I'm trying to generate an network graph that visualises data lineage (cluster graph such as this). Please keep in mind that I'm very new to the NetworkX library and that the code below might be far from optimal.
My data consist of 2 Pandas dataframes:
df_objs: this df contains a UUID and name of the different items (these will become the nodesdf_calls: this df contains a calling and called UUID (these UUIDs are references to the UUIDs of the items indf_objs).

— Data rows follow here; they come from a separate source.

(* For $i\geq 1$ let $t^e_i = \frac{(2i-1)(2i-1+(-1)^i)}{2}$ be the $i$th even triangular number ($0,6,10,28,\dots$) and $t^o_i = \frac{(2i-1)(2i-1-(-1)^i)}{2}$ the $i$th odd triangular number ($1,3,15,21,\dots$). If $n$ is an even integer, then \[ p(n) = \sum_{i\geq 1} p_2\!\left(\frac{n-t^e_i}{2}\right), \] and if $n$ is an odd integer, then \[ p(n) = \sum_{i\geq 1} p_2\!\left(\frac{n-t^o_i}{2}\right). \]
   Context: $p(m)$ denotes the number of partitions of $m$ (with $p(0)=1$, $p(m)=0$ for $m<0$). A two-color partition of $m$ is a partition of $m$ in which each part size may occur in either of two distinguished colors; $p_2(m)$ is the number of two-color partitions of $m$, i.e. $p_2(m)=\sum_{i=0}^m p(i)p(m-i)$, with $p_2(m)=0$ for $m<0$. Triangular numbers are $k(k+1)/2$, $k\geq 0$. *)

theory Defs
  imports Main "HOL-Library.Multiset"
begin

definition partitions_of :: "nat \<Rightarrow> nat multiset set" where
  "partitions_of m = {M. (\<forall>x\<in>#M. 0 < x) \<and> sum_mset M = m}"

definition p :: "int \<Rightarrow> nat" where
  "p m = (if m < 0 then 0 else card (partitions_of (nat m)))"

definition p2 :: "int \<Rightarrow> nat" where
  "p2 m = (if m < 0 then 0 else (\<Sum>i = 0..nat m. p (int i) * p (m - int i)))"

definition te :: "nat \<Rightarrow> int" where
  "te i = ((2 * int i - 1) * (2 * int i - 1 + (-1) ^ i)) div 2"

definition to :: "nat \<Rightarrow> int" where
  "to i = ((2 * int i - 1) * (2 * int i - 1 - (-1) ^ i)) div 2"

end
(* Let $n$ be the least counterexample to Robin's inequality, i.e. the least integer $n>5040$ with $\sigma(n)\ge e^{\gamma} n\log\log n$ (assuming such an integer exists). Let $p_r$ denote the largest prime divisor of $n$. Then $\log n> p_r$.
   Context: $\sigma(n)=\sum_{d\mid n} d$ is the sum-of-divisors function, $\gamma$ is the Euler–Mascheroni constant, and $\log$ is the natural logarithm. Robin's inequality (RI) for an integer $n>5040$ is $\sigma(n)<e^{\gamma} n\log\log n$. *)

theory Defs
  imports "HOL-Analysis.Analysis" "HOL-Computational_Algebra.Primes"
begin

definition sigma :: "nat \<Rightarrow> nat" where
  "sigma n = (\<Sum>d\<in>{d. d dvd n}. d)"

definition robin_ineq :: "nat \<Rightarrow> bool" where
  "robin_ineq n \<longleftrightarrow> real (sigma n) < exp euler_mascheroni * real n * ln (ln (real n))"

end

theory Submission
  imports Defs
begin

text \<open>
  Write \<open>n = u p\<close> with \<open>p\<close> the largest prime factor of \<open>n\<close>, suppose \<open>ln n \<le> p\<close>,
  and use the abundancy \<open>\<sigma>(m)/m\<close>. Since \<open>\<sigma>(u p) \<le> \<sigma>(u) (p + 1)\<close>, passing from \<open>u\<close>
  to \<open>n\<close> multiplies the abundancy by at most \<open>1 + 1/p\<close>.

  If \<open>u > 5040\<close>, then \<open>u\<close> satisfies Robin's inequality by minimality, and \<open>ln n \<le> p\<close>
  gives \<open>(1 + 1/p) ln ln u \<le> ln ln n\<close>, so \<open>n\<close> satisfies it too.

  If \<open>u \<le> 5040\<close>, then \<open>p \<ge> ln n > 8\<close>, hence \<open>p \<ge> 11\<close>. For \<open>k < p\<close> with
  \<open>u k > 5040\<close> and a prime \<open>r\<close> dividing \<open>k\<close> but not \<open>u\<close>, the abundancy of \<open>u k\<close> is at
  least \<open>1 + 1/r \<ge> 1 + 1/p\<close> times that of \<open>u\<close>, so Robin's inequality for \<open>u k\<close> would
  again transfer to \<open>n\<close>. With \<open>k = 10, 9, 7\<close> this forces \<open>10 | u\<close> once \<open>u > 504\<close>,
  \<open>30 | u\<close> once \<open>u > 560\<close> and \<open>210 | u\<close> once \<open>u > 720\<close>. For the few hundred
  remaining \<open>u\<close> a computation of the abundancy shows
  \<open>(12/11) \<sigma>(u)/u < e\<^sup>\<gamma> ln ln (max 5041 (11 u)) \<le> e\<^sup>\<gamma> ln ln n\<close>, which once more
  gives Robin's inequality for \<open>n\<close>.
\<close>

definition abundancy :: "nat \<Rightarrow> real" where
  "abundancy n = real (sigma n) / real n"

lemma robin_ineq_iff_abundancy:
  assumes "0 < n"
  shows "robin_ineq n \<longleftrightarrow> abundancy n < exp euler_mascheroni * ln (ln (real n))"
  using assms by (simp add: robin_ineq_def abundancy_def divide_less_eq mult_ac)

lemma sigma_mult_prime_le:
  assumes "prime p" "0 < u"
  shows "sigma (u * p) \<le> sigma u * (p + 1)"
proof -
  let ?D = "{d. d dvd u}"
  have fin: "finite ?D"
    using assms(2) by simp
  have "{d. d dvd u * p} \<subseteq> ?D \<union> (\<lambda>d. p * d) ` ?D"
  proof
    fix d assume "d \<in> {d. d dvd u * p}"
    then obtain b c where "d = b * c" "b dvd u" "c dvd p"
      using division_decomp by blast
    moreover have "c = 1 \<or> c = p"
      using \<open>c dvd p\<close> assms(1) prime_nat_iff by blast
    ultimately show "d \<in> ?D \<union> (\<lambda>d. p * d) ` ?D"
      by (auto simp: mult.commute)
  qed
  then have "sigma (u * p) \<le> (\<Sum>d\<in>?D \<union> (\<lambda>d. p * d) ` ?D. d)"
    unfolding sigma_def using fin by (intro sum_mono2) auto
  also have "\<dots> \<le> (\<Sum>d\<in>?D. d) + (\<Sum>d\<in>(\<lambda>d. p * d) ` ?D. d)"
    using sum_Un_nat[of ?D "(\<lambda>d. p * d) ` ?D" "\<lambda>d. d"] fin by simp
  also have "(\<Sum>d\<in>(\<lambda>d. p * d) ` ?D. d) \<le> (\<Sum>d\<in>?D. p * d)"
    using sum_image_le[of ?D "\<lambda>d. d" "\<lambda>d. p * d"] fin by (simp add: comp_def)
  also have "(\<Sum>d\<in>?D. d) + (\<Sum>d\<in>?D. p * d) = sigma u * (p + 1)"
    by (simp add: sigma_def sum.distrib sum_distrib_left algebra_simps)
  finally show ?thesis
    by simp
qed

lemma sigma_mult_ge:
  assumes "prime r" "r dvd k" "\<not> r dvd u" "0 < u" "0 < k"
  shows "sigma u * (k + k div r) \<le> sigma (u * k)"
proof -
  let ?D = "{d. d dvd u}"
  define q where "q = k div r"
  have k: "k = r * q"
    using assms(2) q_def by simp
  have "0 < q"
    using k assms(5) by (cases q) auto
  have fin: "finite ?D"
    using assms(4) by simp
  have disjoint: "(\<lambda>d. k * d) ` ?D \<inter> (\<lambda>d. q * d) ` ?D = {}"
  proof (rule ccontr)
    assume "(\<lambda>d. k * d) ` ?D \<inter> (\<lambda>d. q * d) ` ?D \<noteq> {}"
    then obtain d d' where "d dvd u" "d' dvd u" "k * d = q * d'"
      by blast
    then have "r * d dvd u"
      using k \<open>0 < q\<close> by (simp add: mult.assoc mult.left_commute[of r q])
    then have "r dvd u"
      using dvd_mult_left by blast
    then show False
      using assms(3) by simp
  qed
  have sum_scaled: "(\<Sum>d\<in>(\<lambda>d. c * d) ` ?D. d) = c * sigma u" if "0 < c" for c
    using that by (subst sum.reindex) (auto simp: inj_on_def sigma_def sum_distrib_left)
  have "sigma u * (k + q) = (\<Sum>d\<in>(\<lambda>d. k * d) ` ?D \<union> (\<lambda>d. q * d) ` ?D. d)"
    using sum_scaled[of k] sum_scaled[of q] assms(5) \<open>0 < q\<close> disjoint fin
    by (simp add: sum.union_disjoint algebra_simps)
  also have "\<dots> \<le> sigma (u * k)"
    unfolding sigma_def using k assms(4,5)
    by (intro sum_mono2) (auto intro: mult_dvd_mono)
  finally show ?thesis
    by (simp add: q_def)
qed

lemma abundancy_mult_prime_le:
  assumes "prime p" "0 < u"
  shows "abundancy (u * p) \<le> abundancy u * (1 + 1 / real p)"
proof -
  have "0 < p"
    using assms(1) prime_gt_0_nat by blast
  have "abundancy (u * p) \<le> real (sigma u * (p + 1)) / real (u * p)"
    unfolding abundancy_def using sigma_mult_prime_le[OF assms]
    by (intro divide_right_mono) (simp_all only: of_nat_le_iff of_nat_0_le_iff)
  also have "\<dots> = abundancy u * (1 + 1 / real p)"
    using assms(2) \<open>0 < p\<close> by (simp add: abundancy_def field_simps)
  finally show ?thesis .
qed

lemma abundancy_mult_ge:
  assumes "prime r" "r dvd k" "\<not> r dvd u" "0 < u" "0 < k"
  shows "abundancy u * (1 + 1 / real r) \<le> abundancy (u * k)"
proof -
  have "0 < r"
    using assms(1) prime_gt_0_nat by blast
  have "abundancy u * (1 + 1 / real r) = real (sigma u * (k + k div r)) / real (u * k)"
    using assms(2,4,5) \<open>0 < r\<close> by (simp add: abundancy_def real_of_nat_div field_simps)
  also have "\<dots> \<le> abundancy (u * k)"
    unfolding abundancy_def using sigma_mult_ge[OF assms]
    by (intro divide_right_mono) (simp_all only: of_nat_le_iff of_nat_0_le_iff)
  finally show ?thesis .
qed

lemma ln_ln_mult_ge:
  fixes u p :: real
  assumes "1 < u" "1 < p" "ln (u * p) \<le> p"
  shows "ln (ln u) * (1 + 1 / p) \<le> ln (ln (u * p))"
proof -
  have ln_mult: "ln (u * p) = ln u + ln p"
    using assms by (simp add: ln_mult)
  have "0 < ln u" "0 < ln p"
    using assms by simp_all
  have "ln (ln u / ln (u * p)) \<le> ln u / ln (u * p) - 1"
    using \<open>0 < ln u\<close> \<open>0 < ln p\<close> ln_mult by (intro ln_le_minus_one) simp
  then have gap: "ln p / ln (u * p) \<le> ln (ln (u * p)) - ln (ln u)"
    using \<open>0 < ln u\<close> \<open>0 < ln p\<close> ln_mult by (simp add: ln_div field_simps)
  have "0 < ln (u * p)"
    using \<open>0 < ln u\<close> \<open>0 < ln p\<close> ln_mult by simp
  have "ln (ln u) \<le> ln (ln (u * p))"
    using \<open>0 < ln u\<close> \<open>0 < ln p\<close> ln_mult by (subst ln_le_cancel_iff) auto
  also have "ln (ln (u * p)) \<le> ln p"
    using \<open>0 < ln (u * p)\<close> assms(2,3) by (subst ln_le_cancel_iff) auto
  finally have "ln (ln u) / p \<le> ln p / p"
    using assms(2) by (simp add: divide_right_mono)
  also have "\<dots> \<le> ln p / ln (u * p)"
    using \<open>0 < ln p\<close> \<open>0 < ln (u * p)\<close> assms(2,3) by (intro divide_left_mono) auto
  finally have "ln (ln u) / p \<le> ln p / ln (u * p)" .
  with gap show ?thesis
    by (simp add: algebra_simps)
qed

lemma ln_ln_mono:
  assumes "1 < m" "m \<le> n"
  shows "ln (ln (real m)) \<le> ln (ln (real n))"
proof -
  have "1 < real m" "real m \<le> real n"
    using assms by simp_all
  then show ?thesis
    by simp
qed

lemma robin_ineq_mult_large_prime:
  assumes "prime p" "1 < u" "ln (real (u * p)) \<le> real p" "robin_ineq u"
  shows "robin_ineq (u * p)"
proof -
  have "1 < real p"
    using prime_gt_1_nat[OF assms(1)] by simp
  have "abundancy (u * p) \<le> abundancy u * (1 + 1 / p)"
    using abundancy_mult_prime_le assms(1,2) by simp
  also have "\<dots> < exp euler_mascheroni * ln (ln u) * (1 + 1 / p)"
    using assms(2,4) \<open>1 < real p\<close>
    by (intro mult_strict_right_mono) (simp_all add: robin_ineq_iff_abundancy add_pos_nonneg)
  also have "\<dots> \<le> exp euler_mascheroni * ln (ln (real (u * p)))"
    using ln_ln_mult_ge[of u p] assms(2,3) \<open>1 < real p\<close> by (simp add: mult.assoc)
  finally show ?thesis
    using assms(1,2) prime_gt_0_nat by (simp add: robin_ineq_iff_abundancy)
qed

lemma robin_ineq_mult_prime_of_factor:
  assumes "prime p" "prime r" "r dvd k" "\<not> r dvd u" "0 < u" "0 < k" "k < p"
    and "robin_ineq (u * k)"
  shows "robin_ineq (u * p)"
proof -
  have "0 < r" "r \<le> k"
    using assms(2,3,6) prime_gt_0_nat dvd_imp_le by auto
  have "1 < u * k"
    using prime_gt_1_nat[OF assms(2)] dvd_imp_le[of r "u * k"] assms(3,5,6) by simp
  have "abundancy (u * p) \<le> abundancy u * (1 + 1 / p)"
    using abundancy_mult_prime_le assms(1,5) by simp
  also have "\<dots> \<le> abundancy u * (1 + 1 / r)"
    using \<open>0 < r\<close> \<open>r \<le> k\<close> assms(7) by (intro mult_left_mono) (auto simp: abundancy_def frac_le)
  also have "\<dots> \<le> abundancy (u * k)"
    using abundancy_mult_ge assms(2-6) .
  also have "\<dots> < exp euler_mascheroni * ln (ln (real (u * k)))"
    using assms(5,6,8) by (simp add: robin_ineq_iff_abundancy)
  also have "\<dots> \<le> exp euler_mascheroni * ln (ln (real (u * p)))"
    using \<open>1 < u * k\<close> assms(7) by (intro mult_left_mono ln_ln_mono) auto
  finally show ?thesis
    using assms(1,5) prime_gt_0_nat by (simp add: robin_ineq_iff_abundancy)
qed

lemma robin_ineq_mult_prime_of_abundancy:
  assumes "prime p" "11 \<le> p" "0 < u"
    and "12 * abundancy u < 11 * exp euler_mascheroni * ln (ln (real N))" "1 < N" "N \<le> u * p"
  shows "robin_ineq (u * p)"
proof -
  have "abundancy (u * p) \<le> abundancy u * (1 + 1 / p)"
    using abundancy_mult_prime_le assms(1,3) by simp
  also have "\<dots> \<le> abundancy u * (12 / 11)"
    using assms(2) by (intro mult_left_mono) (auto simp: abundancy_def field_simps)
  also have "\<dots> < exp euler_mascheroni * ln (ln (real N))"
    using assms(4) by simp
  also have "\<dots> \<le> exp euler_mascheroni * ln (ln (real (u * p)))"
    using assms(5,6) by (intro mult_left_mono ln_ln_mono) auto
  finally show ?thesis
    using assms(1,3) prime_gt_0_nat by (simp add: robin_ineq_iff_abundancy)
qed
lemma nn_integral_affine_indicator:
  fixes h :: "real \<Rightarrow> ennreal"
  assumes h: "h \<in> borel_measurable (lebesgue_on I)" and I: "I \<in> sets lebesgue" and c: "0 < c"
  shows "(\<integral>\<^sup>+t. h (a + c * t) * indicator I (a + c * t) \<partial>lebesgue)
    = ennreal (1 / c) * (\<integral>\<^sup>+t. h t \<partial>lebesgue_on I)"
proof -
  define H where "H y = h y * indicator I y" for y
  have [measurable]: "H \<in> borel_measurable lebesgue"
    using h I unfolding H_def by (subst (asm) borel_measurable_restrict_space_iff_ennreal) auto
  have "(\<integral>\<^sup>+t. H t \<partial>lebesgue) = ennreal c * (\<integral>\<^sup>+t. H (a + c * t) \<partial>lebesgue)"
    using nn_integral_real_affine_lebesgue[of H c a] c by simp
  then have "ennreal (1 / c) * (\<integral>\<^sup>+t. H t \<partial>lebesgue) = (\<integral>\<^sup>+t. H (a + c * t) \<partial>lebesgue)"
    using c by (simp add: mult.assoc[symmetric] ennreal_mult[symmetric])
  then show ?thesis
    using I by (simp add: H_def nn_integral_restrict_space)
qed

section \<open>The inverse maps \<open>L\<^sub>n\<^sup>-\<^sup>1\<close> glued along the partition\<close>

locale fractal_partition =
  fixes p \<Lambda> :: real and N :: nat and x :: "nat \<Rightarrow> real" and \<alpha> :: "nat \<Rightarrow> real \<Rightarrow> real"
  assumes p_ge_1: "1 \<le> p"
    and N_ge_2: "2 \<le> N"
    and x_less_Suc: "\<And>i. i < N \<Longrightarrow> x i < x (Suc i)"
    and \<alpha>_measurable: "\<And>n. 1 \<le> n \<Longrightarrow> n \<le> N \<Longrightarrow> \<alpha> n \<in> borel_measurable (lebesgue_on (Ival x N))"
    and \<alpha>_values: "\<And>n t. 1 \<le> n \<Longrightarrow> n \<le> N \<Longrightarrow> t \<in> Ival x N \<Longrightarrow> \<alpha> n t \<in> {\<Lambda>, - \<Lambda>}"
    and \<Lambda>_pos: "0 < \<Lambda>" and \<Lambda>_less_1: "\<Lambda> < 1"
begin

abbreviation "I \<equiv> Ival x N"
abbreviation "M \<equiv> lebesgue_on I"

lemma p_pos: "0 < p"
  using p_ge_1 by simp

lemma x_less: "i < j \<Longrightarrow> j \<le> N \<Longrightarrow> x i < x j"
proof (induction j)
  case (Suc j)
  then show ?case
    using x_less_Suc[of j] by (cases "i = j") auto
qed simp

lemma x_le: "i \<le> j \<Longrightarrow> j \<le> N \<Longrightarrow> x i \<le> x j"
  using x_less[of i j] by (cases "i = j") auto

lemma x_pred_less: "n \<in> {1..N} \<Longrightarrow> x (n - 1) < x n"
  using x_less[of "n - 1" n] by simp

lemma I_eq: "I = {x 0..x N}"
  by (simp add: Ival_def)

lemma space_M [simp]: "space M = I"
  by (simp add: space_restrict_space)

lemma I_sets [measurable]: "I \<in> sets lebesgue"
  by (simp add: I_eq)

definition Ipiece :: "nat \<Rightarrow> real set" where
  "Ipiece n = (if n = 1 then {x 0..x 1} else {x (n - 1)<..x n})"

lemma Ipiece_sets [measurable]: "Ipiece n \<in> sets lebesgue"
  by (simp add: Ipiece_def)

lemma
  assumes t: "t \<in> I"
  shows piece_mem: "piece x N t \<in> {1..N}"
    and mem_Ipiece_piece: "t \<in> Ipiece (piece x N t)"
proof -
  let ?P = "\<lambda>n. 1 \<le> n \<and> t \<le> x n"
  have "?P N"
    using t N_ge_2 by (auto simp: I_eq)
  then have least: "?P (piece x N t)" and "piece x N t \<le> N"
    unfolding piece_def by (rule LeastI, rule Least_le)
  then show "piece x N t \<in> {1..N}"
    by simp
  have "\<not> ?P (piece x N t - 1) \<or> piece x N t = 1"
    using least not_less_Least[of "piece x N t - 1" ?P] unfolding piece_def by fastforce
  then show "t \<in> Ipiece (piece x N t)"
    using least t by (auto simp: Ipiece_def I_eq)
qed

lemma piece_eqI:
  assumes n: "n \<in> {1..N}" and t: "t \<in> Ipiece n"
  shows "piece x N t = n"
  unfolding piece_def
proof (rule Least_equality)
  show "1 \<le> n \<and> t \<le> x n"
    using n t by (auto simp: Ipiece_def split: if_splits)
  show "n \<le> m" if "1 \<le> m \<and> t \<le> x m" for m
  proof (rule ccontr)
    assume "\<not> n \<le> m"
    then have "x m \<le> x (n - 1)" and "n \<noteq> 1"
      using that n x_le[of m "n - 1"] by auto
    then show False
      using that t by (auto simp: Ipiece_def)
  qed
qed

lemma Ipiece_subset:
  assumes "n \<in> {1..N}"
  shows "Ipiece n \<subseteq> I"
proof -
  have "x 0 \<le> x (n - 1)" "x n \<le> x N" "x 1 \<le> x N"
    using assms N_ge_2 x_le[of 0 "n - 1"] x_le[of n N] x_le[of 1 N] by auto
  then show ?thesis
    by (auto simp: Ipiece_def I_eq)
qed

lemma sum_indicator_Ipiece:
  fixes f :: "nat \<Rightarrow> 'a::semiring_1"
  assumes "t \<in> I"
  shows "(\<Sum>n\<in>{1..N}. f n * indicator (Ipiece n) t) = f (piece x N t)"
proof -
  have "f n * indicator (Ipiece n) t = (if n = piece x N t then f n else 0)" if n: "n \<in> {1..N}" for n
  proof (cases "t \<in> Ipiece n")
    case True
    then show ?thesis
      using piece_eqI[OF n True] by simp
  next
    case False
    then have "n \<noteq> piece x N t"
      using mem_Ipiece_piece[OF assms] by auto
    with False show ?thesis
      by simp
  qed
  then have "(\<Sum>n\<in>{1..N}. f n * indicator (Ipiece n) t) = (\<Sum>n\<in>{1..N}. if n = piece x N t then f n else 0)"
    by (rule sum.cong[OF refl])
  also have "\<dots> = f (piece x N t)"
    using piece_mem[OF assms] by simp
  finally show ?thesis .
qed

definition L1 :: "real \<Rightarrow> real" where
  "L1 s = x 0 + (s - x 0) * (x 1 - x 0) / (x N - x 0)"

lemma Linv_L1: "Linv x N 1 (L1 s) = s"
  using x_less[of 0 1] x_less[of 0 N] N_ge_2 by (simp add: Linv_def L1_def)

lemma Linv_affine:
  "Linv x N n t = (x 0 - x (n - 1) * ((x N - x 0) / (x n - x (n - 1))))
    + (x N - x 0) / (x n - x (n - 1)) * t"
  by (simp add: Linv_def divide_inverse algebra_simps)

lemma L1_affine:
  "L1 s = (x 0 - x 0 * ((x 1 - x 0) / (x N - x 0))) + (x 1 - x 0) / (x N - x 0) * s"
  by (simp add: L1_def divide_inverse algebra_simps)

lemma Linv_mem_I_iff:
  assumes "n \<in> {1..N}"
  shows "Linv x N n t \<in> I \<longleftrightarrow> x (n - 1) \<le> t \<and> t \<le> x n"
proof -
  define q where "q = (t - x (n - 1)) / (x n - x (n - 1))"
  have d: "0 < x n - x (n - 1)" and K: "0 < x N - x 0"
    using x_pred_less[OF assms] x_less[of 0 N] N_ge_2 by auto
  have "Linv x N n t = x 0 + q * (x N - x 0)"
    by (simp add: Linv_def q_def)
  then have "Linv x N n t \<in> I \<longleftrightarrow> 0 \<le> q * (x N - x 0) \<and> q * (x N - x 0) \<le> 1 * (x N - x 0)"
    by (auto simp: I_eq)
  also have "\<dots> \<longleftrightarrow> 0 \<le> q \<and> q \<le> 1"
    using K by (simp add: zero_le_mult_iff mult_le_cancel_right)
  also have "\<dots> \<longleftrightarrow> x (n - 1) \<le> t \<and> t \<le> x n"
    using d by (simp add: q_def zero_le_divide_iff divide_le_eq)
  finally show ?thesis .
qed

definition \<phi> :: "real \<Rightarrow> real" where
  "\<phi> t = Linv x N (piece x N t) t"

definition weight :: "real \<Rightarrow> real" where
  "weight t = \<alpha> (piece x N t) (\<phi> t)"

lemma \<phi>_eq_Linv: "n \<in> {1..N} \<Longrightarrow> t \<in> Ipiece n \<Longrightarrow> \<phi> t = Linv x N n t"
  by (simp add: \<phi>_def piece_eqI)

Here's what I do to initialise the directed graph and create the nodes:
import networkx as nx
objs = df_objs.set_index('uuid').to_dict(orient='index')
g = nx.DiGraph()
for obj_id, obj_attrs in objs.items():
g.add_node(obj_id, attr_dict=obj_attrs)
And to generate the edges:
g.add_edges_from(df_calls.drop_duplicates().to_dict(orient='split')['data'])
Next, I want to know the lineage of a single item using their UUID:
g_tree = nx.DiGraph(nx.bfs_edges(g, 'f6e214b1bba34a01bd0c18f232d6aee2', reverse=True))
So far so good. The last step is to generate the JSON graph so that I can feed the resulting JSON file to D3.js in order to perform the visualisation:
# Create the JSON data structure
from networkx.readwrite import json_graph
data = json_graph.tree_data(g_tree, root='f6e214b1bba34a01bd0c18f232d6aee2')
# Write the tree to a JSON file
import json
with open('./tree.json', 'w') as f:
json.dump(data, f)
All of the above works, however, instead of the node names, I'm left with the UUID in the JSON data, due to the node attributes being dropped in the call to nx.bfs_edges().
Example:
Not a problem (at least that's what I thought); I'll just update the nodes in the g_tree with the attributes from g.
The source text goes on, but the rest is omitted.